There’s no need to argue about all those shibboleths of centricity – knowing that it’s extremely difficult to deplace “human” from the centre of whatever jargon that’s in fashion.

Activist Enablement

Activism is empowered by technologies and is growing to challenge the technological and sociocultural establishment.

That’s not to say that there’s nothing good in the establishment. That’s just to say, change comes from multiple places and radical changes often come from outside the establishment.

Arguably, the establishment is often not very good at radical change – after all, its by-definition job is to keep the status quo.

The weakest link in the whole “acti-verse” is, duh, the human link. Sometimes, the same technologies designed to deceive and exploit us could also be utilized for good.

As far as activism goes, technology and design are only two pieces of a huge puzzle. There are many frontiers to learn, understand and explore: legal, artistic, communal or political.

The intersection of technology and design is powerful and beautiful, but it’s also just a hammer hailing all the nails if we don’t look out for other intersections.

Activism always happens at the intersections. To be intersectional, we need to be multidisciplinary.

Technopolitical Consequentialism

We are facing the political and technological consequences of our collective ignorance of, or indifference to, our decision makers’ inability to sustain the societal long view, intentionally or not.

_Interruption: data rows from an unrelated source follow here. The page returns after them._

definition param_n :: "(nat + nat \<Rightarrow> nat) \<Rightarrow> nat \<Rightarrow> nat" where
  "param_n p j = (if j \<in> {1..m+1} then block_tail p (j - 1) * (if j = 1 then 1 else p (Inr j)) else 0)"

definition param_d :: "(nat + nat \<Rightarrow> nat) \<Rightarrow> nat \<Rightarrow> nat" where
  "param_d p j = (if j \<in> {1..m} then tail_root p j else 0)"

lemma Inl_mem_coords: "Inl j \<in> coords \<longleftrightarrow> j \<in> {1..m+1}"
  and Inr_mem_coords: "Inr j \<in> coords \<longleftrightarrow> j \<in> {2..m+1}"
  by (auto simp: coords_def Plus_def)

lemma coord_space_pos:
  assumes "p \<in> coord_space"
  shows "j \<in> {1..m+1} \<Longrightarrow> 0 < p (Inl j)" and "j \<in> {2..m+1} \<Longrightarrow> 0 < p (Inr j)"
  using assms PiE_mem[of p coords "\<lambda>_. {1..}"]
  by (auto simp: coord_space_def Inl_mem_coords Inr_mem_coords Suc_le_eq)

lemma block_pos: "p \<in> coord_space \<Longrightarrow> j \<in> {1..m+1} \<Longrightarrow> 0 < block p j"
  by (simp add: block_def coord_space_pos)

lemma block_tail_pos: "p \<in> coord_space \<Longrightarrow> 0 < block_tail p j"
  unfolding block_tail_def by (intro prod_pos) (simp add: block_pos)

lemma tail_root_pos: "p \<in> coord_space \<Longrightarrow> 0 < tail_root p j"
  unfolding tail_root_def by (intro prod_pos) (simp add: coord_space_pos)

lemma block_tail_step:
  assumes "j \<in> {1..m+1}"
  shows "block_tail p (j - 1) = block p j * block_tail p j"
proof -
  have "block_tail p (j - 1) = (\<Prod>i\<in>{j..m+1}. block p i)"
    using assms by (simp add: block_tail_def)
  also have "\<dots> = block p j * (\<Prod>i\<in>{j+1..m+1}. block p i)"
    using assms by (subst prod.atLeast_Suc_atMost) auto
  finally show ?thesis
    by (simp add: block_tail_def)
qed

lemma block_tail_dvd: "i \<le> j \<Longrightarrow> block_tail p j dvd block_tail p i"
  unfolding block_tail_def by (intro prod_dvd_prod_subset) auto

lemma tail_root_pow:
  assumes "j \<le> m"
  shows "tail_root p j ^ \<gamma> j = block_tail p j"
  unfolding tail_root_def block_tail_def block_def prod_power_distrib power_mult[symmetric]
proof (intro prod.cong refl)
  fix i
  assume "i \<in> {j+1..m+1}"
  then have "\<gamma> j dvd \<gamma> (i - 1)"
    by (intro gamma_dvd) auto
  then show "p (Inl i) ^ (\<gamma> (i - 1) div \<gamma> j * \<gamma> j) = p (Inl i) ^ \<gamma> (i - 1)"
    by simp
qed

lemma ram_chain_param: "j \<le> m + 1 \<Longrightarrow> ram_chain (param_n p) (param_d p) j = block_tail p j"
  using m_pos by (auto simp: ram_chain_def param_n_def param_d_def tail_root_pow block_tail_def)

lemma param_mem_tuples: "p \<in> coord_space \<Longrightarrow> param_n p \<in> tuples (m + 1)"
  by (auto simp: tuples_def param_n_def Suc_le_eq block_tail_pos coord_space_pos)

lemma param_mem_ram_divisors:
  assumes "p \<in> coord_space"
  shows "param_d p \<in> ram_divisors (param_n p)"
proof -
  have "tail_root p j ^ \<gamma> j dvd param_n p i" if "j \<in> {1..m}" "i \<in> {1..j+1}" for i j
  proof -
    have "block_tail p j dvd block_tail p (i - 1)"
      using that by (intro block_tail_dvd) auto
    then show ?thesis
      using that by (simp add: tail_root_pow param_n_def)
  qed
  then show ?thesis
    using assms by (auto simp: ram_divisors_def param_d_def dvd_Gcd_iff Suc_le_eq tail_root_pos)
qed

lemma inj_on_param: "inj_on (\<lambda>p. (param_n p, param_d p)) coord_space"
proof (rule inj_onI)
  fix p q
  assume p: "p \<in> coord_space" and q: "q \<in> coord_space"
    and eq: "(param_n p, param_d p) = (param_n q, param_d q)"
  have tail: "block_tail p j = block_tail q j" if "j \<le> m + 1" for j
    using ram_chain_param[OF that, of p] ram_chain_param[OF that, of q] eq by simp
  have Inl: "p (Inl j) = q (Inl j)" if "j \<in> {1..m+1}" for j
  proof -
    have "block p j = block q j"
      using block_tail_step[OF that, of p] block_tail_step[OF that, of q] tail[of j] tail[of "j - 1"]
        block_tail_pos[OF p, of j] that by auto
    moreover have "0 < \<gamma> (j - 1)"
      using that by (intro gamma_gt_0) auto
    ultimately show ?thesis
      by (simp add: block_def power_eq_iff_eq_base)
  qed
  have Inr: "p (Inr j) = q (Inr j)" if "j \<in> {2..m+1}" for j
  proof -
    have "param_n p j = param_n q j"
      using eq by simp
    then have "block_tail p (j - 1) * p (Inr j) = block_tail q (j - 1) * q (Inr j)"
      using that by (simp add: param_n_def)
    moreover have "block_tail p (j - 1) = block_tail q (j - 1)"
      using that by (intro tail) auto
    ultimately show ?thesis
      using block_tail_pos[OF p, of "j - 1"] by simp
  qed
  show "p = q"
  proof (rule PiE_ext[of p coords "\<lambda>_. {1..}" q])
    show "p \<in> PiE coords (\<lambda>_. {1..})" "q \<in> PiE coords (\<lambda>_. {1..})"
      using p q by (simp_all add: coord_space_def)
    show "p x = q x" if "x \<in> coords" for x
      using that Inl Inr by (cases x) (auto simp: Inl_mem_coords Inr_mem_coords)
  qed
qed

In other words, we’re evolving in an almost more “natural” way, with all the cruelties and indifferences we’d expect when we look at how the “natural world” evolves – as a flowery plant competing for sunlight among shrubs, it just so happens that you’re slightly shorter than the others around you, therefore you die, the end. Just like the universe, evolution doesn’t give a shit about your point of view.

Let the philosophers debate whether anything can matter, but rest assured, only you can give a shit about your point of view, about your community’s, your society’s, and your planet’s. We all can.

Which means who makes decisions kind of matters a lot. Only effective and efficient oversight can lead critical decisions to the right hands (and minds), individually or collectively.

I don’t have to tell you that effective and efficient oversight is designed. By some people.

Conclusion

Design is hard, maybe even harder than you think.

It’s great to know why design is hard.

It’s pointless to stick to the tools, methods and jargons.

Instead, stick to the trends and the non-data part of your humanity.